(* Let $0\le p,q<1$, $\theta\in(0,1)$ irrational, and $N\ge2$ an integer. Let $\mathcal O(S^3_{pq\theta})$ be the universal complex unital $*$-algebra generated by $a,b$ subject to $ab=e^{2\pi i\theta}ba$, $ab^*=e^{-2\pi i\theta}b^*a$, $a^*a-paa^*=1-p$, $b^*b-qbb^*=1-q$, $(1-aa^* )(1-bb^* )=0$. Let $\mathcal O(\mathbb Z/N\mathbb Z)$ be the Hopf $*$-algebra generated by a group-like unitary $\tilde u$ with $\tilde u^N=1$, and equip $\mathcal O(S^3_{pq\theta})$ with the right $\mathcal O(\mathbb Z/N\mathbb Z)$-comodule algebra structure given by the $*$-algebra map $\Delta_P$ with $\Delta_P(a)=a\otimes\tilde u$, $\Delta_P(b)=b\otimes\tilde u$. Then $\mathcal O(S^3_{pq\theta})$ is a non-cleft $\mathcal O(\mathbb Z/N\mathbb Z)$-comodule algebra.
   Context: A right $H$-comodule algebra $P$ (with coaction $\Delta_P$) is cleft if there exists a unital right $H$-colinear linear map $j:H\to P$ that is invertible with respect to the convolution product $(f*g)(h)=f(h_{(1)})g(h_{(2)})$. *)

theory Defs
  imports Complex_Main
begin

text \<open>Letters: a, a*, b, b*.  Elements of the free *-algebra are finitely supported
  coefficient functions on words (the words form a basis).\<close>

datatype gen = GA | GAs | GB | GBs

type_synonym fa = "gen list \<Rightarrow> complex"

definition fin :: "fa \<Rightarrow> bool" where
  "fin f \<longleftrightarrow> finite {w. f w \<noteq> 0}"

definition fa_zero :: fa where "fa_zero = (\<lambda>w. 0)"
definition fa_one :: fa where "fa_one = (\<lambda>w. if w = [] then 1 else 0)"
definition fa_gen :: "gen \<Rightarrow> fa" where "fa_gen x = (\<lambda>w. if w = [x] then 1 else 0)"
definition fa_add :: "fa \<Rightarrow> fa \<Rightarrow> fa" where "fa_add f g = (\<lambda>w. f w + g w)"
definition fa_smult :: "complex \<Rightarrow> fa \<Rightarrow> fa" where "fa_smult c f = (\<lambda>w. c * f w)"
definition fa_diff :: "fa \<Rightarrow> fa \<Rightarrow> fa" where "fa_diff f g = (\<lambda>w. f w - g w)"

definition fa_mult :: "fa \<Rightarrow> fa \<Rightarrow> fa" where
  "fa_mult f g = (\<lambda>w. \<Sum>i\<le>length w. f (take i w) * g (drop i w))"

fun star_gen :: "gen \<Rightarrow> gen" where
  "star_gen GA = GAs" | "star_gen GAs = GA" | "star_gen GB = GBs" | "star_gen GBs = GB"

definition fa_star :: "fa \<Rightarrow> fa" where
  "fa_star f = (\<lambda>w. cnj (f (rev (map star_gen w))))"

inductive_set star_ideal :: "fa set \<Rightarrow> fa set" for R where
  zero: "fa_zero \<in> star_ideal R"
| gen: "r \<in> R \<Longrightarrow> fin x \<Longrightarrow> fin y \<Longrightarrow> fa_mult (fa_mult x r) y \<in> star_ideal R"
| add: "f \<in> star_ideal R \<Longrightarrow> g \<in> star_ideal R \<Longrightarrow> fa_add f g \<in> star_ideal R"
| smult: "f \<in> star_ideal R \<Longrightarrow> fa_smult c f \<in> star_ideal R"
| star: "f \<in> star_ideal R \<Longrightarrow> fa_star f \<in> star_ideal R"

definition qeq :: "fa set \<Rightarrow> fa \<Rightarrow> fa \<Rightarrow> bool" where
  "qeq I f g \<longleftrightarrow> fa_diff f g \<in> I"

^^^^^^^^^^^^^^^^

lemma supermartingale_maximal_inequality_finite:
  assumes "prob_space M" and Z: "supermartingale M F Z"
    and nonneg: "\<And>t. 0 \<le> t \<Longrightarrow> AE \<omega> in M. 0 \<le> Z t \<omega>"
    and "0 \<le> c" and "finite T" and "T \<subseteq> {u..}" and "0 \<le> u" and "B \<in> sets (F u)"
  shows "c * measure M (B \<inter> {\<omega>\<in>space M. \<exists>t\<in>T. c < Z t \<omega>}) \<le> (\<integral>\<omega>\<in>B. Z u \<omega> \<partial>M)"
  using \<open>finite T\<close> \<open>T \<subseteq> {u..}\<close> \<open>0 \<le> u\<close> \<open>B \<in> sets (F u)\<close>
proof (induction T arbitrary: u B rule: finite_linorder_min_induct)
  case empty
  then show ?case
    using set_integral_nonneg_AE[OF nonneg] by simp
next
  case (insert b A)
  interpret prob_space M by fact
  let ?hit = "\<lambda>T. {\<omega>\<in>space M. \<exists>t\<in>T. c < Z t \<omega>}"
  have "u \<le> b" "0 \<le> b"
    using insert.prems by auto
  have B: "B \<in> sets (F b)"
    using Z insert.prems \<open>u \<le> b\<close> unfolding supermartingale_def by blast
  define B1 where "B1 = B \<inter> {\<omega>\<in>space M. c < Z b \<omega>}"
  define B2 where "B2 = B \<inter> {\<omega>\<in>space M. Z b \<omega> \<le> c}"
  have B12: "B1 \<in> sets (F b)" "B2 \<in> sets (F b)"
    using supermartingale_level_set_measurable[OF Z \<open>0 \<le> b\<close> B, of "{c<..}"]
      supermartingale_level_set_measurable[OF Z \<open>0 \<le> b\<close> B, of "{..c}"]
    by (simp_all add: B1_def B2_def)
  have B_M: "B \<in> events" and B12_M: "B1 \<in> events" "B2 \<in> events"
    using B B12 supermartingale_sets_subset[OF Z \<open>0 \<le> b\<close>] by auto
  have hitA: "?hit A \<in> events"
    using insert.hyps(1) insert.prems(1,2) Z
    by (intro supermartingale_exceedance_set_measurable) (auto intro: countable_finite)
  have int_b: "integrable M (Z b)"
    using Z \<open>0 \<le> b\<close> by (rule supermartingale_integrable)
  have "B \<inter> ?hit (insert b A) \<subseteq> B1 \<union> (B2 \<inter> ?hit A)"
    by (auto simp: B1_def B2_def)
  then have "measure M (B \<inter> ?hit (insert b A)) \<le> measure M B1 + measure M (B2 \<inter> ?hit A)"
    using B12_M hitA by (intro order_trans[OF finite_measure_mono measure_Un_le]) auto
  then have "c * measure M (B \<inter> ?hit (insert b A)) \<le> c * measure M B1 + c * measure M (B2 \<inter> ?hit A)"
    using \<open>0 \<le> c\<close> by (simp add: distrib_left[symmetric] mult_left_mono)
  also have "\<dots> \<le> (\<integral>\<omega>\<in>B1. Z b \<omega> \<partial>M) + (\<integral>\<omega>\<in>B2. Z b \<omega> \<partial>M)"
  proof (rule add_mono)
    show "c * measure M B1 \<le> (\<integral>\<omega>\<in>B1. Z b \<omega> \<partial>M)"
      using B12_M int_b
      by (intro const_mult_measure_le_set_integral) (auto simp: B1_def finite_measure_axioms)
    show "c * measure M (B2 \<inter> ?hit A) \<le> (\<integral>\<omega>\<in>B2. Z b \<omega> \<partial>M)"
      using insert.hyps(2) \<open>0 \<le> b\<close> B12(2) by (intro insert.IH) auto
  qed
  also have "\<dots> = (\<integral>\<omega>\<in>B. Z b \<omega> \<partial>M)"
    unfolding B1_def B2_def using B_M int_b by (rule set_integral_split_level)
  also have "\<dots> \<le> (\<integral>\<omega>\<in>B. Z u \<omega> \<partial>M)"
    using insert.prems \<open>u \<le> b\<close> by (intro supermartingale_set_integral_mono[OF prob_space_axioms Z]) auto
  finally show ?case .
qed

^^^^^^^^^^^^^^^^

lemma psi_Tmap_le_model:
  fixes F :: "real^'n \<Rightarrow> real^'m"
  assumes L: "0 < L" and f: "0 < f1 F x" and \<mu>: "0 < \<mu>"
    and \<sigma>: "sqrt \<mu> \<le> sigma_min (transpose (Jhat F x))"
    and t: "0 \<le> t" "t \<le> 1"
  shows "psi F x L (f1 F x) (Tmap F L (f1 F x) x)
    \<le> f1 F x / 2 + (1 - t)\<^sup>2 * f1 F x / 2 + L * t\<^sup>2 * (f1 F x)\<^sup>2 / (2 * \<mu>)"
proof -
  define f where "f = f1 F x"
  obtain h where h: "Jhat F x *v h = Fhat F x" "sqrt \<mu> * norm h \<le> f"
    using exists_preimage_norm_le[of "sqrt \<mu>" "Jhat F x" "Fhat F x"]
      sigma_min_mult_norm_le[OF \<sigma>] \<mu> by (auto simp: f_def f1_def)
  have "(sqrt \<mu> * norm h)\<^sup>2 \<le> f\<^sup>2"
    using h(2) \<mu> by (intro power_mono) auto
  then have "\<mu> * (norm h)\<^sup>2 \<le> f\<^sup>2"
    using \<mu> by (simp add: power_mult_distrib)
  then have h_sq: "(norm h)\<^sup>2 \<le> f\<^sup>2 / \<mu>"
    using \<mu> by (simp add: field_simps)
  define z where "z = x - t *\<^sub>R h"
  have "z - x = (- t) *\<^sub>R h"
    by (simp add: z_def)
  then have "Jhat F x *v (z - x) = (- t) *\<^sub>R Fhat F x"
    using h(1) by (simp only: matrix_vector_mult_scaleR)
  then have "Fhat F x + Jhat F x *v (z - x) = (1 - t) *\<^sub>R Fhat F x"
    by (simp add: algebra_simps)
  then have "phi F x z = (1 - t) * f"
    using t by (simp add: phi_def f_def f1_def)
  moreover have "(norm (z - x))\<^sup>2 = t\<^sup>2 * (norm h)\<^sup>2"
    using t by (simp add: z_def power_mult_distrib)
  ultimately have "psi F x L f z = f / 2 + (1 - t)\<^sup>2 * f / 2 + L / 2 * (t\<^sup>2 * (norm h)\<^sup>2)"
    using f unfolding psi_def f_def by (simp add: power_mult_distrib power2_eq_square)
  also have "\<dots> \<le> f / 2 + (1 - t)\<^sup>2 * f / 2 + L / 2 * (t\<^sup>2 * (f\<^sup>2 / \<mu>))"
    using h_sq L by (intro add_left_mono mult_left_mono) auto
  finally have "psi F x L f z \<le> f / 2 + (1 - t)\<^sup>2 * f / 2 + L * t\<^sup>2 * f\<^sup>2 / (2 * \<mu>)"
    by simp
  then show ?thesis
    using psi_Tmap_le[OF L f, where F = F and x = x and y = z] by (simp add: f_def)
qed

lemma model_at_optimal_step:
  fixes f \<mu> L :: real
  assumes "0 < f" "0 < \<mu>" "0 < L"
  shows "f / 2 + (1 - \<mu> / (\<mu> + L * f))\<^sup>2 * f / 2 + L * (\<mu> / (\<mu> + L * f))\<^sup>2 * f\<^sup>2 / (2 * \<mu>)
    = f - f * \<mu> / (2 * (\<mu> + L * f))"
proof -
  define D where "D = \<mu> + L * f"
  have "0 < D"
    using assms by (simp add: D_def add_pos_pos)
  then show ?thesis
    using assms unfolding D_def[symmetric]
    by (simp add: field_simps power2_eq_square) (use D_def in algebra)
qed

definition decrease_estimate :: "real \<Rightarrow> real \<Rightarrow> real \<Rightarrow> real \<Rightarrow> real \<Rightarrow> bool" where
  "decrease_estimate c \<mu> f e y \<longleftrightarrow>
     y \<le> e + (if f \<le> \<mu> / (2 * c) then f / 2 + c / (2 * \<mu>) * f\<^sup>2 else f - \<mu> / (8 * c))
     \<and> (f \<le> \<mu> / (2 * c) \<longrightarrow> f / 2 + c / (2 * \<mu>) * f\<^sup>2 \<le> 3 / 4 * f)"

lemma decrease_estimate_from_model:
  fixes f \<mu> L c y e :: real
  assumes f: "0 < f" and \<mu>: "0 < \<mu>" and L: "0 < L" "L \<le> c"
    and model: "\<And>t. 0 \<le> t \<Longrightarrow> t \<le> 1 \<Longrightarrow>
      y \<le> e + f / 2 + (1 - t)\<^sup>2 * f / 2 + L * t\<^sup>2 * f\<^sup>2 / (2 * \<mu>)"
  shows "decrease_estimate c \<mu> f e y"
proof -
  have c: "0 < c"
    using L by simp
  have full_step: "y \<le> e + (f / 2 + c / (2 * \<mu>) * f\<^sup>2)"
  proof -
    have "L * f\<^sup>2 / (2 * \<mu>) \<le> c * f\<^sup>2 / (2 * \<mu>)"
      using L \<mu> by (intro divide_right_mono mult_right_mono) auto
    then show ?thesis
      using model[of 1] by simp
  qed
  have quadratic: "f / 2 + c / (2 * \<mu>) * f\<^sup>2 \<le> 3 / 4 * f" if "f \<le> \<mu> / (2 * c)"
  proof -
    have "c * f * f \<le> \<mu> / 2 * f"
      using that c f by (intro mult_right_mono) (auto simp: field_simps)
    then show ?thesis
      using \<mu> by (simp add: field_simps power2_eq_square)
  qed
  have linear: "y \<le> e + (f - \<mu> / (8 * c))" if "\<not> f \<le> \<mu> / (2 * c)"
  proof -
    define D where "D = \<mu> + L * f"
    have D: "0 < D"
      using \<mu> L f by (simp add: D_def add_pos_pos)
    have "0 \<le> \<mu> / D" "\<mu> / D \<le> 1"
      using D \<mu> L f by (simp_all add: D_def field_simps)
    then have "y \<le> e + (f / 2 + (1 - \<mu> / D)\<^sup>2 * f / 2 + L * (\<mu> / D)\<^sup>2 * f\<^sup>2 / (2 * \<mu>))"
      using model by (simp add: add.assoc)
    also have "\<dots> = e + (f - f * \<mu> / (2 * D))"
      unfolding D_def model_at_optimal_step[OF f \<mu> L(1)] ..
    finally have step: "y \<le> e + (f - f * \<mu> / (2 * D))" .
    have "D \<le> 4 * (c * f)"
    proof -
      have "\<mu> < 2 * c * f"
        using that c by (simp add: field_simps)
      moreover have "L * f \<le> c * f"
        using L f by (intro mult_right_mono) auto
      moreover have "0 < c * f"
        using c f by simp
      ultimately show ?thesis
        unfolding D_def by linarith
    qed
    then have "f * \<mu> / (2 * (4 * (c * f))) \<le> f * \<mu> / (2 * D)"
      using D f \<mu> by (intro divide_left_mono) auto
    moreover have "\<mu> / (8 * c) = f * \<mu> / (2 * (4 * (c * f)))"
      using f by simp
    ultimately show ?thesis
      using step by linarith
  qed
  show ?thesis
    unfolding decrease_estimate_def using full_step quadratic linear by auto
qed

^^^^^^^^^^^^^^^^

The problem » From the entries, report each line that includes the word "symmetric".

Response below »
    using \<open>0 \<le> c\<close> by (simp add: distrib_left[symmetric] mult_left_mono)
    using assms unfolding D_def[symmetric]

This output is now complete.